Southern Swedish Forest Research Centre, Swedish University of Agricultural Sciences, Alnarp, Sweden.
Faculty of International Studies, Utsunomiya University, Utsunomiya, Japan.
PLoS One. 2022 May 19;17(5):e0267114. doi: 10.1371/journal.pone.0267114. eCollection 2022.

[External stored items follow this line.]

(* Let $\Gamma$ be a marginal vector with strictly positive entries and fix an edge $ij\in\mathcal E$. The Bregman projections (with respect to $\Phi$) of $\Gamma$ onto the four affine sets below are given as follows, where in each case all components of $\Gamma$ not mentioned are unchanged. (a) If $\Gamma'=\mathcal P_{\mathcal X_{ij\to i}}(\Gamma)$, then for all $x_i,x_j\in\chi$: $\Gamma'_{ij}(x_i,x_j)=\Gamma_{ij}(x_i,x_j)\sqrt{\Gamma_i(x_i)/\sum_x\Gamma_{ij}(x_i,x)}$ and $\Gamma'_i(x_i)=\Gamma_i(x_i)\sqrt{\sum_x\Gamma_{ij}(x_i,x)/\Gamma_i(x_i)}$. (b) If $\Gamma'=\mathcal P_{\mathcal X_{ij,i}}(\Gamma)$, then $\Gamma'_i=\Gamma_i/\sum_x\Gamma_i(x)$ and $\Gamma'_{ij}=\Gamma_{ij}/\sum_{x_i,x_j}\Gamma_{ij}(x_i,x_j)$. (c) If $\Gamma'=\mathcal P_{\mathcal X_{ij\to j}}(\Gamma)$, then for all $x_i,x_j\in\chi$: $\Gamma'_{ij}(x_i,x_j)=\Gamma_{ij}(x_i,x_j)\sqrt{\Gamma_j(x_j)/\sum_x\Gamma_{ij}(x,x_j)}$ and $\Gamma'_j(x_j)=\Gamma_j(x_j)\sqrt{\sum_x\Gamma_{ij}(x,x_j)/\Gamma_j(x_j)}$. (d) If $\Gamma'=\mathcal P_{\mathcal X_{ij,j}}(\Gamma)$, then $\Gamma'_j=\Gamma_j/\sum_x\Gamma_j(x)$ and $\Gamma'_{ij}=\Gamma_{ij}/\sum_{x_i,x_j}\Gamma_{ij}(x_i,x_j)$.
   Context: Let $G=(\mathcal V,\mathcal E)$ be a graph with $\mathcal V=\{1,\dots,n\}$, each edge written as an ordered pair $ij$, and $\chi=\{0,\dots,d-1\}$. A marginal vector $\Gamma$ consists of vectors $\Gamma_i\in\mathbb R^d$ ($i\in\mathcal V$, indexed $\Gamma_i(x)$) and matrices $\Gamma_{ij}\in\mathbb R^{d\times d}$ ($ij\in\mathcal E$, indexed $\Gamma_{ij}(x_i,x_j)$). Let $\Phi(\Gamma)=\sum\Gamma(\log\Gamma-1)$ summed over all entries, with Bregman divergence $\mathcal D_\Phi(P,Q)=\Phi(P)-\Phi(Q)-\langle\nabla\Phi(Q),P-Q\rangle$, and for a set $\mathcal X$ the Bregman projection $\mathcal P_{\mathcal X}(Q)=\arg\min_{P\in\mathcal X}\mathcal D_\Phi(P,Q)$. With $\mathbb 1$ the all-ones vector, define $\mathcal X_{ij\to i}=\{\Gamma:\Gamma_{ij}\mathbb 1=\Gamma_i\}$, $\mathcal X_{ij,i}=\{\Gamma:\Gamma_i^\top\mathbb 1=1,\ \mathbb 1^\top\Gamma_{ij}\mathbb 1=1\}$, $\mathcal X_{ij\to j}=\{\Gamma:\Gamma_{ij}^\top\mathbb 1=\Gamma_j\}$, $\mathcal X_{ij,j}=\{\Gamma:\Gamma_j^\top\mathbb 1=1,\ \mathbb 1^\top\Gamma_{ij}\mathbb 1=1\}$. *)

theory Defs
  imports Complex_Main
begin
lemma polynomial_residual_bound:
  fixes a b :: real
  assumes "0 < a" "a \<le> b" "n \<ge> 1"
  obtains q :: "real poly" where "degree q < n"
    "\<And>x. x \<in> {a..b} \<Longrightarrow> \<bar>1 - x * poly q x\<bar> \<le> 2 * ((sqrt (b/a) - 1) / (sqrt (b/a) + 1)) ^ n"
proof -
  obtain S where S: "degree S \<le> n" "poly S 0 = 1"
    "\<And>x. x \<in> {a..b} \<Longrightarrow> \<bar>poly S x\<bar> \<le> 2 * ((sqrt (b/a) - 1) / (sqrt (b/a) + 1)) ^ n"
  proof (cases "a = b")
    case True
    show thesis
      by (rule that[of "[:1, -1 / a:]"]) (use True assms in auto)
  next
    case False
    then show thesis
      using rescaled_chebyshev_bound[of a b n] assms that by auto
  qed
  obtain q where "degree q < n" "\<And>x. poly S x = 1 - x * poly q x"
    using poly_eq_1_minus_x_mult[OF S(2,1) assms(3)] by blast
  then show thesis
    using that S(3) by metis
qed

section \<open>Matrix elements in the eigenbasis of \<open>\<rho>\<close>\<close>

lemma cadj_mult: "cadj (A ** B) = cadj B ** cadj (A::complex^'n^'n)"
  unfolding vec_eq_iff cadj_def matrix_matrix_mult_def by (simp add: mult.commute)

lemma cadj_cadj [simp]: "cadj (cadj A) = A"
  by (simp add: cadj_def vec_eq_iff)

lemma matrix_mult3_nth:
  "((A::complex^'n^'n) ** B ** C) $ i $ j = (\<Sum>a\<in>UNIV. \<Sum>b\<in>UNIV. A$i$a * B$a$b * C$b$j)"
proof -
  have "(A ** B ** C) $ i $ j = (\<Sum>b\<in>UNIV. \<Sum>a\<in>UNIV. A$i$a * B$a$b * C$b$j)"
    by (simp add: matrix_matrix_mult_def sum_distrib_right)
  also have "\<dots> = (\<Sum>a\<in>UNIV. \<Sum>b\<in>UNIV. A$i$a * B$a$b * C$b$j)"
    by (rule sum.swap)
  finally show ?thesis .
qed

lemma unitary_conj_mult:
  assumes "unitary_mat U"
  shows "cadj U ** (A ** B) ** U = (cadj U ** A ** U) ** (cadj U ** B ** U)"
proof -
  have "(cadj U ** A ** U) ** (cadj U ** B ** U) = cadj U ** A ** (U ** cadj U) ** B ** U"
    by (simp add: matrix_mul_assoc)
  also have "\<dots> = cadj U ** (A ** B) ** U"
    using assms by (simp add: unitary_mat_def matrix_mul_assoc)
  finally show ?thesis
    by simp
qed

lemma unitary_conj_cancel:
  assumes "unitary_mat U"
  shows "U ** (cadj U ** X ** U) ** cadj U = X"
    and "cadj U ** (U ** X ** cadj U) ** U = X"
proof -
  have "U ** (cadj U ** X ** U) ** cadj U = (U ** cadj U) ** X ** (U ** cadj U)"
    and "cadj U ** (U ** X ** cadj U) ** U = (cadj U ** U) ** X ** (cadj U ** U)"
    by (simp_all add: matrix_mul_assoc)
  then show "U ** (cadj U ** X ** U) ** cadj U = X" "cadj U ** (U ** X ** cadj U) ** U = X"
    using assms by (simp_all add: unitary_mat_def)
qed

lemma trace_unitary_conj:
  assumes "unitary_mat U"
  shows "trace (cadj U ** M ** U) = trace M"
proof -
  have "trace ((cadj U ** M) ** U) = trace (U ** (cadj U ** M))"
    by (rule trace_mul_sym)
  also have "\<dots> = trace ((U ** cadj U) ** M)"
    by (simp add: matrix_mul_assoc)
  finally show ?thesis
    using assms by (simp add: unitary_mat_def)
qed
lemma beta_le_beta_image:
  assumes "l_resolving V E l T" and "finite V"
    and "\<And>S. l_resolving V E l S \<Longrightarrow> l_resolving V' E' l (f ` S)"
  shows "beta V' E' l \<le> beta V E l"
proof -
  obtain S where S: "l_resolving V E l S" "card S = beta V E l"
    using beta_attained[OF assms(1)] by blast
  have "finite S" using S(1) assms(2) finite_subset by (auto simp: l_resolving_def)
  have "beta V' E' l \<le> card (f ` S)" using assms(3)[OF S(1)] by (rule beta_le_card)
  also have "\<dots> \<le> card S" using \<open>finite S\<close> by (rule card_image_le)
  finally show ?thesis using S(2) by simp
qed

lemma beta_le_mult:
  assumes "l_resolving VA EA l A0" and "l_solid_resolving VB EB l B0"
    and "\<And>A B. l_resolving VA EA l A \<Longrightarrow> l_solid_resolving VB EB l B
      \<Longrightarrow> \<exists>R. l_resolving V E l R \<and> card R \<le> card A * card B"
  shows "beta V E l \<le> beta VA EA l * beta_s VB EB l"
proof -
  obtain A where A: "l_resolving VA EA l A" "card A = beta VA EA l"
    using beta_attained[OF assms(1)] by blast
  obtain B where B: "l_solid_resolving VB EB l B" "card B = beta_s VB EB l"
    using beta_s_attained[OF assms(2)] by blast
  from assms(3)[OF A(1) B(1)] obtain R where "l_resolving V E l R" "card R \<le> card A * card B"
    by blast
  with A(2) B(2) show ?thesis using beta_le_card[of V E l R] by simp
qed

theorem mainTheorem9:
  fixes VG :: "'a set" and EG :: "'a \<Rightarrow> 'a \<Rightarrow> bool"
    and VH :: "'b set" and EH :: "'b \<Rightarrow> 'b \<Rightarrow> bool"
    and l :: nat
  assumes G: "simple_graph VG EG" "connected_graph VG EG" "nontrivial_graph VG"
    and H: "simple_graph VH EH" "connected_graph VH EH" "nontrivial_graph VH"
    and l: "l \<ge> 2"
  shows "(\<forall>S. l_resolving (cart_V VG VH) (cart_E EG EH) l S \<longrightarrow>
            l_resolving VG EG l (fst ` S) \<and> l_resolving VH EH l (snd ` S))
       \<and> (\<forall>S S'. l_resolving VG EG l S \<and> l_solid_resolving VH EH l S' \<longrightarrow>
            l_resolving (cart_V VG VH) (cart_E EG EH) l (S \<times> S'))
       \<and> (\<forall>S S'. l_resolving VH EH l S \<and> l_solid_resolving VG EG l S' \<longrightarrow>
            l_resolving (cart_V VG VH) (cart_E EG EH) l (S' \<times> S))
       \<and> max (beta VG EG l) (beta VH EH l) \<le> beta (cart_V VG VH) (cart_E EG EH) l
       \<and> beta (cart_V VG VH) (cart_E EG EH) l
           \<le> min (beta VG EG l * beta_s VH EH l) (beta_s VG EG l * beta VH EH l)"
proof -
  have G': "finite VG" "card VG \<ge> 2" and H': "finite VH" "card VH \<ge> 2" and "l \<ge> 1"
    using G(1,3) H(1,3) l by (auto simp: simple_graph_def nontrivial_graph_def)
  then obtain u v where "u \<in> VG" "v \<in> VH" by fastforce
  note times = l_resolving_times[OF G(2) G' H(2) H' \<open>l \<ge> 1\<close>]
  note times_swap = l_resolving_times_swap[OF G(2) G' H(2) H' \<open>l \<ge> 1\<close>]
  note proj = l_resolving_fst_image[OF G(2) H(2) G'(1) \<open>v \<in> VH\<close>]
    l_resolving_snd_image[OF G(2) H(2) H'(1) \<open>u \<in> VG\<close>]
  have solid: "l_solid_resolving VG EG l VG" "l_solid_resolving VH EH l VH"
    using l_solid_resolving_self G(2) G'(1) H(2) H'(1) by blast+
  note resolving = solid[THEN l_solid_resolving_imp_l_resolving]
  have "finite (cart_V VG VH)" using G'(1) H'(1) by (simp add: cart_V_def)
  note beta_le_beta_image[OF times[OF resolving(1) solid(2)] this]
  then have "beta VG EG l \<le> beta (cart_V VG VH) (cart_E EG EH) l"
    "beta VH EH l \<le> beta (cart_V VG VH) (cart_E EG EH) l"
    using proj by blast+
  moreover have "beta (cart_V VG VH) (cart_E EG EH) l \<le> beta VG EG l * beta_s VH EH l"
    by (rule beta_le_mult[OF resolving(1) solid(2)]) (metis times card_cartesian_product order.refl)
  moreover have "beta (cart_V VG VH) (cart_E EG EH) l \<le> beta VH EH l * beta_s VG EG l"
    by (rule beta_le_mult[OF resolving(2) solid(1)])
      (metis times_swap card_cartesian_product mult.commute order.refl)
  ultimately show ?thesis using proj times times_swap by (auto simp: mult.commute)
qed

end
text \<open>Needed for \<open>r = 1\<close>, \<open>t = 0\<close>: there the middle term of (l2) is \<open>2s\<close> while
  \<open>(s\<^bsup>1/2\<^esup> + t\<^bsup>1/2\<^esup>)\<^sup>2 = s\<close>.\<close>
lemma two_le_kappa_one: "2 \<le> kappa 1"
proof -
  let ?f = "\<lambda>u::real. (1 + u) * 2 / (1 + sqrt u)\<^sup>2"
  have "(?f \<longlongrightarrow> (1 + 0) * 2 / (1 + sqrt 0)\<^sup>2) (at_right 0)"
    by (intro tendsto_intros) auto
  moreover have "\<forall>\<^sub>F u in at_right 0. ?f u \<le> kappa 1"
  proof (rule eventually_mono[OF eventually_at_right_real[of 0 1]])
    fix u :: real assume "u \<in> {0<..<1}"
    moreover from this have "kappa_quotient 1 u = ?f u"
      by (auto simp: kappa_quotient_def conj_exp_def powr_half_sqrt)
    ultimately show "?f u \<le> kappa 1" using kappa_quotient_le_kappa[of 1 u] by simp
  qed simp
  ultimately show ?thesis using tendsto_upperbound by fastforce
qed

lemma two_pw_mult_le_cross_sum:
  fixes s t r :: real
  assumes "0 \<le> s" "0 \<le> t" "0 < r"
  shows "2 * pw (s * t) (r / 2) \<le> s * pw t (r - 1) + t * pw s (r - 1)"
proof (cases "0 < s \<and> 0 < t")
  case True
  then have "0 < s" "0 < t" by auto
  have "pw (s * t) (r / 2) * 1 \<le> pw (s * t) (r / 2) * cosh ((2 - r) * (ln (s / t) / 2))"
    using assms by (intro mult_left_mono cosh_real_ge_1 pw_nonneg) simp
  then show ?thesis
    unfolding pw_cross_eq_cosh_sinh(2)[OF \<open>0 < s\<close> \<open>0 < t\<close>] by simp
next
  case False
  then have "pw (s * t) (r / 2) = 0" using assms by (auto simp: pw_zero)
  then show ?thesis using assms by (simp add: pw_nonneg)
qed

Involving members of the public in image classification tasks that can be tricky to automate is increasingly recognized as a way to complete large amounts of these tasks and promote citizen involvement in science. While this labor is usually provided for free, it is still limited, making it important for researchers to use volunteer contributions as efficiently as possible. Using volunteer labor efficiently becomes complicated when individual tasks are assigned to multiple volunteers to increase confidence that the correct classification has been reached. In this paper, we develop a system to decide when enough information has been accumulated to confidently declare an image to be classified and remove it from circulation. We use a Bayesian approach to estimate the posterior distribution of the mean rating in a binary image classification task. Tasks are removed from circulation when user-defined certainty thresholds are reached. We demonstrate this process using a set of over 4.5 million unique classifications by 2783 volunteers of over 190,000 images assessed for the presence/absence of cropland. If the system outlined here had been implemented in the original data collection campaign, it would have eliminated the need for 59.4% of volunteer ratings. Had this effort been applied to new tasks, it would have allowed an estimated 2.46 times as many images to have been classified with the same amount of labor, demonstrating the power of this method to make more efficient use of limited volunteer contributions. To simplify implementation of this method by other investigators, we provide cutoff value combinations for one set of confidence levels.
将公众成员纳入到难以实现自动化的图像分类任务中,已逐渐被视为完成大量此类任务和促进公民参与科学的一种方式。虽然此类劳动通常是无偿的,但它仍然是有限的,因此研究人员有必要尽可能有效地利用志愿者的贡献。当将单个任务分配给多个志愿者以提高对正确分类的信心时,有效地利用志愿者劳动就变得复杂了。在本文中,我们开发了一种系统,用于确定何时已经积累了足够的信息,可以有把握地宣布对图像进行分类并将其从流通中删除。我们使用贝叶斯方法来估计二进制图像分类任务中平均值的后验分布。当达到用户定义的置信度阈值时,任务将从流通中删除。我们使用一组超过 450 万个独特分类和 2783 名志愿者对超过 190000 张图像进行评估,以确定是否存在农田,来演示此过程。如果在此处概述的系统已经在原始数据收集活动中实施,那么它将消除 59.4%的志愿者评级的需求。如果将此努力应用于新任务,那么它将允许使用相同数量的劳动力对大约 2.46 倍的图像进行分类,从而证明了这种方法在更有效地利用有限的志愿者贡献方面的强大功能。为了简化其他研究人员对这种方法的实施,我们为一组置信水平提供了截止值组合。